Data listing START

text \<open>Quasi-Fejer monotonicity: the energy distance to an optimal potential can only grow by the
  summable amounts \<open>\<alpha>\<^sup>2\<close>, so its convergence to 0 along a subsequence forces convergence.\<close>
lemma energy_tendsto_zero:
  assumes w: "opt_potential w" and r: "strict_mono r"
    and sub: "(\<lambda>k. energy (\<lambda>i s. acc (r k) i s - w i s)) \<longlonglongrightarrow> 0"
  shows "(\<lambda>t. energy (\<lambda>i s. acc t i s - w i s)) \<longlonglongrightarrow> 0"
proof -
  define \<Psi> where "\<Psi> t = energy (\<lambda>i s. acc t i s - w i s)" for t
  define B where "B = energy_step_bound"
  have tail: "\<Psi> t \<le> \<Psi> t0 + B * (\<Sum>\<tau>\<in>{t0..<t}. (\<alpha> \<tau>)\<^sup>2)" if "t0 \<le> t" for t0 t
    using that
  proof (induction t rule: dec_induct)
    case (step t)
    have "\<Psi> (Suc t) \<le> \<Psi> t - 4 * \<alpha> t * (F t - K) + (\<alpha> t)\<^sup>2 * B"
      using energy_step[OF w, of t] unfolding \<Psi>_def B_def .
    moreover have "0 \<le> 4 * \<alpha> t * (F t - K)" using alpha_nonneg[of t] F_lower[of t] by simp
    moreover have "(\<Sum>\<tau>\<in>{t0..<Suc t}. (\<alpha> \<tau>)\<^sup>2) = (\<Sum>\<tau>\<in>{t0..<t}. (\<alpha> \<tau>)\<^sup>2) + (\<alpha> t)\<^sup>2"
      using step(1) by simp
    ultimately show ?case using step(3) by (simp add: algebra_simps)
  qed simp
  show ?thesis
    unfolding \<Psi>_def[symmetric]
  proof (rule LIMSEQ_I)
    fix \<eta> :: real assume "\<eta> > 0"
    define e where "e = \<eta> / (2 * (B + 1))"
    have "e > 0" using \<open>\<eta> > 0\<close> energy_step_bound_nonneg by (simp add: e_def B_def)
    then obtain T1 where T1: "\<And>m n. m \<ge> T1 \<Longrightarrow> norm (\<Sum>\<tau>\<in>{m..<n}. (\<alpha> \<tau>)\<^sup>2) < e"
      using alpha_sq_summable unfolding summable_Cauchy by blast
    obtain k0 where k0: "\<And>k. k \<ge> k0 \<Longrightarrow> \<bar>\<Psi> (r k)\<bar> < \<eta> / 2"
      using LIMSEQ_D[OF sub[folded \<Psi>_def], of "\<eta> / 2"] \<open>\<eta> > 0\<close> by auto
    define t0 where "t0 = r (max k0 T1)"
    have "T1 \<le> t0" using seq_suble[OF r, of "max k0 T1"] unfolding t0_def by simp
    have "\<Psi> t < \<eta>" if "t \<ge> t0" for t
    proof -
      have "(\<Sum>\<tau>\<in>{t0..<t}. (\<alpha> \<tau>)\<^sup>2) \<le> e" using T1[OF \<open>T1 \<le> t0\<close>, of t] by simp
      then have "B * (\<Sum>\<tau>\<in>{t0..<t}. (\<alpha> \<tau>)\<^sup>2) \<le> B * e"
        using energy_step_bound_nonneg unfolding B_def by (simp add: mult_left_mono)
      also have "B * e < \<eta> / 2"
        using \<open>\<eta> > 0\<close> energy_step_bound_nonneg by (simp add: e_def B_def field_simps)
      finally show ?thesis
        using tail[OF that] k0[of "max k0 T1"] abs_ge_self[of "\<Psi> t0"] unfolding t0_def by linarith
    qed
    then show "\<exists>no. \<forall>t\<ge>no. norm (\<Psi> t - 0) < \<eta>"
      using energy_nonneg unfolding \<Psi>_def by (metis abs_of_nonneg diff_zero real_norm_def)
  qed
qed
(* Let $M$ be the monoid (algebra in sets) generated by $a,b,d,e,f,h,i,j,k,l,n,o,p$ subject to the relations $ba=ed$, $ea=fb$, $hb=id$, $jb=kd$, $oi=pk$, $ej=ph$, $le=ek=pi$, $nf=oh=pj$. Then, for any PBW basis of the associated linear algebra (given as the normal forms of a convergent rewriting system orienting the defining relations), the partition posets associated with $M$ admit no CL-labelling making them CL-shellable, compatible with isomorphisms of subposets, and such that the minimal chains for the CL-labelling correspond to the PBW elements. In particular, the converse of the statement "a quadratic basic-set operad whose partition posets admit CL-labellings compatible with isomorphisms of subposets admits a PBW basis" is false.
   Context: For an algebra in sets (monoid) presented by generators $E$ and homogeneous relations, the partition poset $\Pi^{(d)}$ has as elements the elements of weight at most $d$ lying below some element of weight $d$, with $x\le y$ iff $y=zx$ for some $z$; covering edges are labelled by the generator multiplied on the left, and a chain read bottom-to-top gives a word read right-to-left. For $\lambda\le\omega$, $\delta_\lambda^\omega$ is the element $z$ with $\omega=z\lambda$; two interval subposets are isomorphic if there is a poset isomorphism $g$ between them with $\delta_{g(\lambda)}^{g(\omega)}=\delta_\lambda^\omega$ for every covering $\lambda\prec\omega$. A chain-edge labelling assigns to each pair (maximal chain, covering edge on it) a label in a poset, maximal chains agreeing on bottom edges having the same labels there; it is a CL-labelling if in each rooted interval there is a unique maximal chain with strictly increasing labels, lexicographically preceding all other maximal chains. CL-labellings on all $\Pi^{(d)}$ are compatible with isomorphisms of subposets if every isomorphism of subposets induces a map on labels sending increasing chains to increasing chains, non-increasing to non-increasing, and preserving the lexicographic preorder on chains. *)

theory Defs
  imports Main
begin

datatype gen = ga | gb | gd | ge | gf | gh | gi | gj | gk | gl | gn | go | gp

type_synonym word = "gen list"

definition defrel :: "(word \<times> word) set" where
  "defrel = {([gb,ga],[ge,gd]), ([ge,ga],[gf,gb]), ([gh,gb],[gi,gd]), ([gj,gb],[gk,gd]), ([go,gi],[gp,gk]),
             ([ge,gj],[gp,gh]), ([gl,ge],[ge,gk]), ([ge,gk],[gp,gi]), ([gn,gf],[go,gh]), ([go,gh],[gp,gj])}"

definition rstep :: "(word \<times> word) set \<Rightarrow> word \<Rightarrow> word \<Rightarrow> bool" where
  "rstep R u v \<longleftrightarrow> (\<exists>x y lhs rhs. (lhs, rhs) \<in> R \<and> u = x @ lhs @ y \<and> v = x @ rhs @ y)"

definition eqw :: "word \<Rightarrow> word \<Rightarrow> bool" where
  "eqw = (sup (rstep defrel) (rstep defrel)\<inverse>\<inverse>)\<^sup>*\<^sup>*"

type_synonym elem = "word set"

definition cls :: "word \<Rightarrow> elem" where
  "cls w = {v. eqw w v}"

definition Melems :: "elem set" where
  "Melems = range cls"

definition isprod :: "elem \<Rightarrow> elem \<Rightarrow> elem \<Rightarrow> bool" where
  "isprod z x y \<longleftrightarrow> (\<exists>u v. z = cls u \<and> x = cls v \<and> y = cls (u @ v))"

definition Mle :: "elem \<Rightarrow> elem \<Rightarrow> bool" where
  "Mle x y \<longleftrightarrow> (\<exists>z. isprod z x y)"

definition Mless :: "elem \<Rightarrow> elem \<Rightarrow> bool" where
  "Mless x y \<longleftrightarrow> Mle x y \<and> x \<noteq> y"

definition has_weight :: "elem \<Rightarrow> nat \<Rightarrow> bool" where
  "has_weight x m \<longleftrightarrow> (\<exists>w. x = cls w \<and> length w = m)"
lemma setwise_limit_of_uniformly_Cauchy:
  fixes \<mu> :: "nat \<Rightarrow> 'a::topological_space measure"
  assumes \<mu>: "\<And>t. \<mu> t \<in> space (prob_algebra borel)"
    and Cauchy: "\<And>\<epsilon>. 0 < \<epsilon> \<Longrightarrow>
      \<exists>T. \<forall>t\<ge>T. \<forall>s. \<forall>A\<in>sets borel. \<bar>measure (\<mu> t) A - measure (\<mu> (t + s)) A\<bar> \<le> \<epsilon>"
  obtains m where "m \<in> space (prob_algebra borel)"
    "\<And>A. A \<in> sets borel \<Longrightarrow> (\<lambda>s. measure (\<mu> s) A) \<longlonglongrightarrow> measure m A"
proof -
  define f where "f A = lim (\<lambda>s. measure (\<mu> s) A)" for A
  have lim: "(\<lambda>s. measure (\<mu> s) A) \<longlonglongrightarrow> f A" if A: "A \<in> sets borel" for A
  proof -
    have "convergent (\<lambda>s. measure (\<mu> s) A)"
      by (rule convergent_of_uniform_tail_bound) (use Cauchy A in blast)
    then show ?thesis unfolding f_def by (simp add: convergent_LIMSEQ_iff)
  qed
  have unif: "\<exists>T. \<forall>A\<in>sets borel. \<bar>measure (\<mu> T) A - f A\<bar> \<le> \<epsilon>" if \<epsilon>: "0 < \<epsilon>" for \<epsilon>
  proof -
    obtain T where T: "\<And>s A. A \<in> sets borel \<Longrightarrow> \<bar>measure (\<mu> T) A - measure (\<mu> (T + s)) A\<bar> \<le> \<epsilon>"
      using Cauchy[OF \<epsilon>] by blast
    have "\<bar>measure (\<mu> T) A - f A\<bar> \<le> \<epsilon>" if A: "A \<in> sets borel" for A
    proof (rule LIMSEQ_le_const2)
      show "(\<lambda>s. \<bar>measure (\<mu> T) A - measure (\<mu> (s + T)) A\<bar>) \<longlonglongrightarrow> \<bar>measure (\<mu> T) A - f A\<bar>"
        by (intro tendsto_intros LIMSEQ_ignore_initial_segment lim A)
    qed (use T[OF A] in \<open>simp add: add.commute\<close>)
    then show ?thesis by blast
  qed
  have f_nonneg: "0 \<le> f A" if A: "A \<in> sets borel" for A
    by (rule LIMSEQ_le_const[OF lim[OF A]]) simp
  have f_UNIV: "f UNIV = 1"
  proof -
    have "measure (\<mu> s) UNIV = 1" for s
      using \<mu>[of s] prob_space.prob_space[of "\<mu> s"] sets_eq_imp_space_eq[of "\<mu> s" borel]
      by (simp add: space_prob_algebra)
    then show ?thesis using LIMSEQ_unique[OF lim[of UNIV]] by simp
  qed
  have sigma: "sigma_algebra UNIV (sets (borel :: 'a measure))"
    using sets.sigma_algebra_axioms[of borel] by simp
  have "f {} = 0" using lim[of "{}"] by (simp add: LIMSEQ_const_iff)
  then have positive: "positive (sets borel) (\<lambda>A. ennreal (f A))" by (simp add: positive_def)
  have countably_additive: "countably_additive (sets borel) (\<lambda>A. ennreal (f A))"
    unfolding countably_additive_def
  proof (intro allI impI)
    fix A :: "nat \<Rightarrow> 'a set" assume A: "range A \<subseteq> sets borel" "disjoint_family A"
    have "\<And>i. 0 \<le> f (A i)" "0 \<le> f (\<Union>i. A i)" using A(1) by (auto intro!: f_nonneg)
    then have "(\<lambda>i. ennreal (f (A i))) sums ennreal (f (\<Union>i. A i))"
      using sums_of_uniform_setwise_limit[OF \<mu> lim unif A] by (simp add: sums_ennreal)
    then show "(\<Sum>i. ennreal (f (A i))) = ennreal (f (\<Union>i. A i))" by (simp add: sums_iff)
  qed
  define m where "m = measure_of UNIV (sets borel) (\<lambda>A. ennreal (f A))"
  have emeasure_m: "emeasure m A = ennreal (f A)" if A: "A \<in> sets borel" for A
    unfolding m_def by (rule emeasure_measure_of_sigma[OF sigma positive countably_additive A])
  have sets_m: "sets m = sets borel" "space m = UNIV"
    unfolding m_def using sigma_algebra.sets_measure_of_eq[OF sigma] sigma_algebra.space_measure_of_eq[OF sigma]
    by simp_all
  have "prob_space m" by (rule prob_spaceI) (simp add: emeasure_m sets_m f_UNIV)
  then have "m \<in> space (prob_algebra borel)" using sets_m by (simp add: space_prob_algebra)
  moreover have "measure m A = f A" if A: "A \<in> sets borel" for A
    using emeasure_m[OF A] f_nonneg[OF A] by (simp add: measure_def)
  ultimately show ?thesis using that lim by metis
qed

Data listing END

Description of the task: For the word "assumes", count the lines of the records that contain it and give only the number.

Answer for this exercise: 2